Beyond base salary, you’ll need to consider benefits for your remote SEO team. Again, this might not be as simple as offering every employee the same benefit. There may be differences based on local laws and taxes.

Remote-work Centric

You can customize the perks you provide to meet the specific demands of remote employees. Consider what your team may be missing out on as a result of not using shared office space regularly. Free coffee and a pool table have never been enough to entice SEO specialists into the office, but there are certain benefits that remote workers will miss out on.

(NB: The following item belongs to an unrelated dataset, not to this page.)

(* Let $1\le\alpha\le d$, $k\ge1$, $S_\alpha=(\mathrm{Id}_n+W_\alpha V_\alpha)\cdots(\mathrm{Id}_n+W_1V_1)Z$. With the convention $\dot F=\{H,F\}$, the flow of $H=\frac1k\operatorname{tr}S_\alpha^k$ on $\mathcal C^\times_{n,d,q}$ starting at (the class of) $(X,Z,V_\beta,W_\beta)$ is given by $X(t)=Xe^{-tS_\alpha^k}$, $Z(t)=e^{tS_\alpha^k}Ze^{-tS_\alpha^k}$, $V_\beta(t)=V_\beta e^{-tS_\alpha^k}$ and $W_\beta(t)=e^{tS_\alpha^k}W_\beta$ for $\beta\le\alpha$, $V_\beta(t)=V_\beta$ and $W_\beta(t)=W_\beta$ for $\beta>\alpha$, where $S_\alpha$ is evaluated at the initial point. The flow is complete on $\mathcal C^\times_{n,d,q}$.
   Context: Fix integers $n\ge1$, $d\ge1$ and $q\in\mathbb C^\times$ not a root of unity. Greek indices range over $\{1,\dots,d\}$; set $o(\alpha,\beta)=0$ if $\alpha=\beta$, $o(\alpha,\beta)=1$ if $\alpha<\beta$, $o(\alpha,\beta)=-1$ if $\alpha>\beta$. Let $\mathcal M^\times_{n,d,q}$ be the affine variety of tuples $(X,Z,V_1,\dots,V_d,W_1,\dots,W_d)$ with $X,Z\in\mathrm{GL}_n(\mathbb C)$, $V_\alpha\in\mathrm{Mat}_{1\times n}(\mathbb C)$, $W_\alpha\in\mathrm{Mat}_{n\times 1}(\mathbb C)$, such that every $\mathrm{Id}_n+W_\alpha V_\alpha$ is invertible and $XZX^{-1}Z^{-1}(\mathrm{Id}_n+W_1V_1)^{-1}\cdots(\mathrm{Id}_n+W_dV_d)^{-1}=q\,\mathrm{Id}_n$. $\mathrm{GL}_n$ acts by $g\cdot(X,Z,V_\alpha,W_\alpha)=(gXg^{-1},gZg^{-1},V_\alpha g^{-1},gW_\alpha)$; the action is free and $\mathcal C^\times_{n,d,q}=\mathcal M^\times_{n,d,q}/\!/\mathrm{GL}_n$ is a smooth affine variety of dimension $2nd$ with $\mathbb C[\mathcal C^\times_{n,d,q}]=\mathbb C[\mathcal M^\times_{n,d,q}]^{\mathrm{GL}_n}$. Write $V_{\alpha,j}$, $W_{\alpha,k}$ for the entries. Let $\{-,-\}$ be the antisymmetric biderivation on functions of $(X,Z,V_\alpha,W_\alpha)$ (Van den Bergh's quasi-Poisson bracket) given by $\{X_{ij},X_{kl}\}=\tfrac12(\delta_{il}(X^2)_{kj}-\delta_{kj}(X^2)_{il})$, $\{Z_{ij},Z_{kl}\}=\tfrac12(\delta_{kj}(Z^2)_{il}-\delta_{il}(Z^2)_{kj})$, $\{X_{ij},Z_{kl}\}=\tfrac12((ZX)_{kj}\delta_{il}+\delta_{kj}(XZ)_{il}+Z_{kj}X_{il}-X_{kj}Z_{il})$, $\{U_{ij},W_{\alpha,k}\}=\tfrac12(\delta_{kj}(UW_\alpha)_i-U_{kj}W_{\alpha,i})$, $\{U_{ij},V_{\alpha,l}\}=\tfrac12((V_\alpha U)_j\delta_{il}-V_{\alpha,j}U_{il})$ for $U\in\{X,Z\}$, $\{V_{\alpha,j},V_{\beta,l}\}=\tfrac12 o(\beta,\alpha)(V_{\beta,j}V_{\alpha,l}+V_{\alpha,j}V_{\beta,l})$, $\{W_{\alpha,i},W_{\beta,k}\}=\tfrac12 o(\beta,\alpha)(W_{\beta,k}W_{\alpha,i}+W_{\alpha,k}W_{\beta,i})$, $\{V_{\alpha,j},W_{\beta,k}\}=\delta_{\alpha\beta}(\delta_{kj}+\tfrac12W_{\alpha,k}V_{\alpha,j}+\tfrac12\delta_{kj}V_\alpha W_\alpha)+\tfrac12 o(\alpha,\beta)(\delta_{kj}V_\alpha W_\beta+W_{\beta,k}V_{\alpha,j})$. Restricted to $\mathrm{GL}_n$-invariant functions this bracket induces a non-degenerate Poisson bracket on $\mathcal C^\times_{n,d,q}$ (quasi-Hamiltonian reduction); this is the Poisson bracket $\{-,-\}$ on $\mathcal C^\times_{n,d,q}$. Flows of invariant $H$ are computed on representatives by $\dot M_{ij}=\{H,M_{ij}\}$. *)

theory Defs
  imports "HOL-Analysis.Analysis"
begin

Consider whether any social, community, or health benefits are especially relevant for team members who work remotely.

For example:

  • Membership in co-working spaces.
  • Social club/activity membership.
  • Gym membership.
  • Volunteering days.
  • Weekly takeaway/grocery-shop budgets.

Equipment

It’s possible that simply equipping your employees with a laptop will not be enough to enable them to succeed working from home. You could also wish to include a stipend for setting up a nice, ergonomic home office. They will be able to determine what is best for them in their family situation. For example, being able to purchase a room divider to partition the area of their room where they keep their desk and work equipment could help them achieve a better work/life balance. Giving them enough money to buy a decent workstation, a second monitor, and a separate keyboard could be a crucial benefit. We spend our entire lives online as SEO professionals. We require a stable internet connection to conduct a decent job. This is something you should discuss with your team when they are hired. It’s unlikely that a first-time work-from-home colleague would think of it.

Differ By Location

A critical consideration is the differences in how benefits are treated legally and for tax purposes across locations. For example, there are rules around employers providing workplace pensions in the U.K. To offer a pension is not a benefit unless the employer’s contribution is more than what is legally mandated. This financial minimum may be different in other countries. How these benefits are taxed will change dependent on location too. What may seem like a perk for an employee in one country may be a huge tax burden to another elsewhere in the world. Seek advice from experts in international hiring and remuneration if your company is building a fully remote team across geographies with different laws for the first time.

Necessary Benefits

Benefits are more important in some places than they are in others. In the United Kingdom, for example, a benefit of private healthcare is frequently viewed as just that: a benefit. Citizens of the United Kingdom have free government-provided healthcare. Although having a health insurance plan can make it easier to receive private healthcare, not having one will not prevent someone from accessing it. Employees in other nations, including those in the United States, value a good healthcare plan significantly more. It’s unlikely that a one-size-fits-all approach will work across regions when deciding what perks to provide your fully-remote SEO team.